* _DESCRIPTION OF THE TASK_
Look through the data below and count each line where the word "wsum" appears. Reply with the count alone.
Top of DATASET EXTRACT
(* Let $G=(V,E,w)$ be a graph with $V\ne\emptyset$, positive integer vertex weights and maximum degree $\Delta\ge1$. Let $1\le\alpha\le\Delta$ and $\gamma=\lceil\sqrt{2\Delta\alpha}\,\rceil$, assume $\gamma\le\Delta$, and suppose $G$ is a $\gamma$-stable instance of \texttt{MIS} with maximum weight independent set $I^*$. Let $I$ be an independent set with $w(I)\ge w(I^* )/\alpha$, and let $S=\texttt{PURIFY}(G,I,\gamma)$. If $I\ne I^*$, then (1) $S\ne\emptyset$ and (2) $S\subseteq I^*$.
   Context: \texttt{MIS}: given a graph $G=(V,E)$ with weights $w:V\to\mathbb{R}_{>0}$, find an independent set maximizing $w(I)=\sum_{u\in I}w_u$; $w(X)=\sum_{u\in X}w_u$. For $\gamma\ge1$, a $\gamma$-perturbation of $w$ is any $w'$ with $w_u\le w'_u\le\gamma w_u$ for all $u$. The instance is $\gamma$-stable if it has a unique maximum weight independent set $I^*$ and $I^*$ remains the unique maximum weight independent set under every $\gamma$-perturbation of $w$. The procedure $\texttt{PURIFY}(G,I,\gamma)$ (for integer weights, integer $\gamma\ge1$ and independent set $I$): build an unweighted bipartite graph $G_0=(L\cup R,E_0)$ where $L$ contains $\gamma\cdot w(u)$ copies of each $u\in I$ and $R$ contains $w(v)$ copies of each $v\in V\setminus I$; for every edge $(u,v)\in E$ with $u\in I$, $v\notin I$, join every copy of $u$ in $L$ to every copy of $v$ in $R$. Compute a maximum cardinality matching $M$ of $G_0$ and return the set of all $u\in I$ having at least one copy in $L$ unmatched by $M$. *)

theory Defs
  imports Complex_Main
begin

definition graph :: "'a set \<Rightarrow> ('a \<Rightarrow> 'a \<Rightarrow> bool) \<Rightarrow> bool" where
  "graph V E \<longleftrightarrow> finite V \<and> (\<forall>u v. E u v \<longrightarrow> u \<in> V \<and> v \<in> V)
     \<and> (\<forall>u v. E u v \<longrightarrow> E v u) \<and> (\<forall>u. \<not> E u u)"

definition degree :: "'a set \<Rightarrow> ('a \<Rightarrow> 'a \<Rightarrow> bool) \<Rightarrow> 'a \<Rightarrow> nat" where
  "degree V E v = card {u \<in> V. E v u}"

definition max_degree :: "'a set \<Rightarrow> ('a \<Rightarrow> 'a \<Rightarrow> bool) \<Rightarrow> nat" where
  "max_degree V E = Max (degree V E ` V)"

definition indep :: "'a set \<Rightarrow> ('a \<Rightarrow> 'a \<Rightarrow> bool) \<Rightarrow> 'a set \<Rightarrow> bool" where
  "indep V E I \<longleftrightarrow> I \<subseteq> V \<and> (\<forall>u\<in>I. \<forall>v\<in>I. \<not> E u v)"

definition wsum :: "('a \<Rightarrow> real) \<Rightarrow> 'a set \<Rightarrow> real" where
  "wsum w X = (\<Sum>u\<in>X. w u)"

definition unique_mwis :: "'a set \<Rightarrow> ('a \<Rightarrow> 'a \<Rightarrow> bool) \<Rightarrow> ('a \<Rightarrow> real) \<Rightarrow> 'a set \<Rightarrow> bool" where
  "unique_mwis V E w I \<longleftrightarrow> indep V E I \<and>
     (\<forall>J. indep V E J \<and> J \<noteq> I \<longrightarrow> wsum w J < wsum w I)"

definition perturbation :: "'a set \<Rightarrow> real \<Rightarrow> ('a \<Rightarrow> real) \<Rightarrow> ('a \<Rightarrow> real) \<Rightarrow> bool" where
  "perturbation V \<gamma> w w' \<longleftrightarrow> (\<forall>u\<in>V. w u \<le> w' u \<and> w' u \<le> \<gamma> * w u)"

definition stable_instance :: "'a set \<Rightarrow> ('a \<Rightarrow> 'a \<Rightarrow> bool) \<Rightarrow> ('a \<Rightarrow> real) \<Rightarrow> real \<Rightarrow> 'a set \<Rightarrow> bool" where
  "stable_instance V E w \<gamma> Istar \<longleftrightarrow> unique_mwis V E w Istar \<and>
     (\<forall>w'. perturbation V \<gamma> w w' \<longrightarrow> unique_mwis V E w' Istar)"

text \<open>The bipartite graph G0 of PURIFY: copies (u,i).\<close>
definition copiesL :: "'a set \<Rightarrow> nat \<Rightarrow> ('a \<Rightarrow> nat) \<Rightarrow> ('a \<times> nat) set" where
  "copiesL I \<gamma> w = {(u, i). u \<in> I \<and> i < \<gamma> * w u}"

definition copiesR :: "'a set \<Rightarrow> 'a set \<Rightarrow> ('a \<Rightarrow> nat) \<Rightarrow> ('a \<times> nat) set" where
  "copiesR V I w = {(v, j). v \<in> V - I \<and> j < w v}"

definition G0_matching :: "'a set \<Rightarrow> ('a \<Rightarrow> 'a \<Rightarrow> bool) \<Rightarrow> ('a \<Rightarrow> nat) \<Rightarrow> 'a set \<Rightarrow> nat
    \<Rightarrow> (('a \<times> nat) \<times> ('a \<times> nat)) set \<Rightarrow> bool" where
  "G0_matching V E w I \<gamma> M \<longleftrightarrow> M \<subseteq> copiesL I \<gamma> w \<times> copiesR V I w
     \<and> (\<forall>(x, y)\<in>M. E (fst x) (fst y))
     \<and> (\<forall>(x, y)\<in>M. \<forall>(x', y')\<in>M. x = x' \<longleftrightarrow> y = y')"

definition G0_max_matching :: "'a set \<Rightarrow> ('a \<Rightarrow> 'a \<Rightarrow> bool) \<Rightarrow> ('a \<Rightarrow> nat) \<Rightarrow> 'a set \<Rightarrow> nat
    \<Rightarrow> (('a \<times> nat) \<times> ('a \<times> nat)) set \<Rightarrow> bool" where
  "G0_max_matching V E w I \<gamma> M \<longleftrightarrow> G0_matching V E w I \<gamma> M
     \<and> (\<forall>M'. G0_matching V E w I \<gamma> M' \<longrightarrow> card M' \<le> card M)"

definition purify_out :: "'a set \<Rightarrow> nat \<Rightarrow> ('a \<Rightarrow> nat) \<Rightarrow> (('a \<times> nat) \<times> ('a \<times> nat)) set \<Rightarrow> 'a set" where
  "purify_out I \<gamma> w M = {u \<in> I. \<exists>i < \<gamma> * w u. (u, i) \<notin> fst ` M}"

end

theory Submission
  imports Defs
begin

text \<open>
  Perturbing the weights of J - I* by the factor \<gamma> shows, by stability, that
  \<gamma> w(J - I*) < w(I* - J) for every independent J \<noteq> I*. Applied to J = (I* - N(C)) \<union> C, it
  bounds \<gamma> w(C) by the weight of the neighbourhood of C in I*, for every nonempty independent C
  disjoint from I*.

  For C \<subseteq> I - I* this is exactly Hall's condition for the copies of I - I* in the PURIFY graph
  against the copies of I* - I. A maximum matching therefore covers every copy of a vertex of
  I - I*, since otherwise rematching these copies along a Hall matching would enlarge it; so the
  output lies in I*. If the output were empty, all left copies would be matched and
  \<gamma> w(I) \<le> w(V - I) \<le> w(I*) + w(V - I*). Taking C = {v} for v \<notin> I* and double counting with the
  degree bound gives \<gamma> w(V - I*) < \<Delta> w(I*), whence
  \<gamma>^2 w(I) < (\<gamma> + \<Delta>) w(I*) \<le> 2 \<Delta> \<alpha> w(I) \<le> \<gamma>^2 w(I).
\<close>

lemma copies_eq_Sigma: "{(u, i). u \<in> A \<and> i < f u} = Sigma A (\<lambda>u. {..<f u})"
  by auto

lemma finite_copiesL: "finite I \<Longrightarrow> finite (copiesL I \<gamma> w)"
  unfolding copiesL_def copies_eq_Sigma by auto

lemma card_copiesL: "finite I \<Longrightarrow> card (copiesL I \<gamma> w) = (\<Sum>u\<in>I. \<gamma> * w u)"
  unfolding copiesL_def copies_eq_Sigma by simp

lemma finite_copiesR: "finite V \<Longrightarrow> finite (copiesR V I w)"
  unfolding copiesR_def copies_eq_Sigma by auto

lemma card_copiesR: "finite V \<Longrightarrow> card (copiesR V I w) = (\<Sum>u\<in>V - I. w u)"
  unfolding copiesR_def copies_eq_Sigma by simp

lemma mem_copiesR: "y \<in> copiesR V I w \<longleftrightarrow> fst y \<in> V - I \<and> snd y < w (fst y)"
  by (cases y) (simp add: copiesR_def)

lemma copiesL_mono: "B \<subseteq> I \<Longrightarrow> copiesL B \<gamma> w \<subseteq> copiesL I \<gamma> w"
  unfolding copiesL_def by auto

lemma indep_subset: "indep V E I \<Longrightarrow> C \<subseteq> I \<Longrightarrow> indep V E C"
  unfolding indep_def by blast

lemma indep_singleton: "graph V E \<Longrightarrow> v \<in> V \<Longrightarrow> indep V E {v}"
  unfolding graph_def indep_def by blast

lemma indep_finite: "graph V E \<Longrightarrow> indep V E I \<Longrightarrow> finite I"
  unfolding graph_def indep_def using finite_subset by blast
Bottom of DATASET EXTRACT
* _RESPONSE TO THE TASK_
3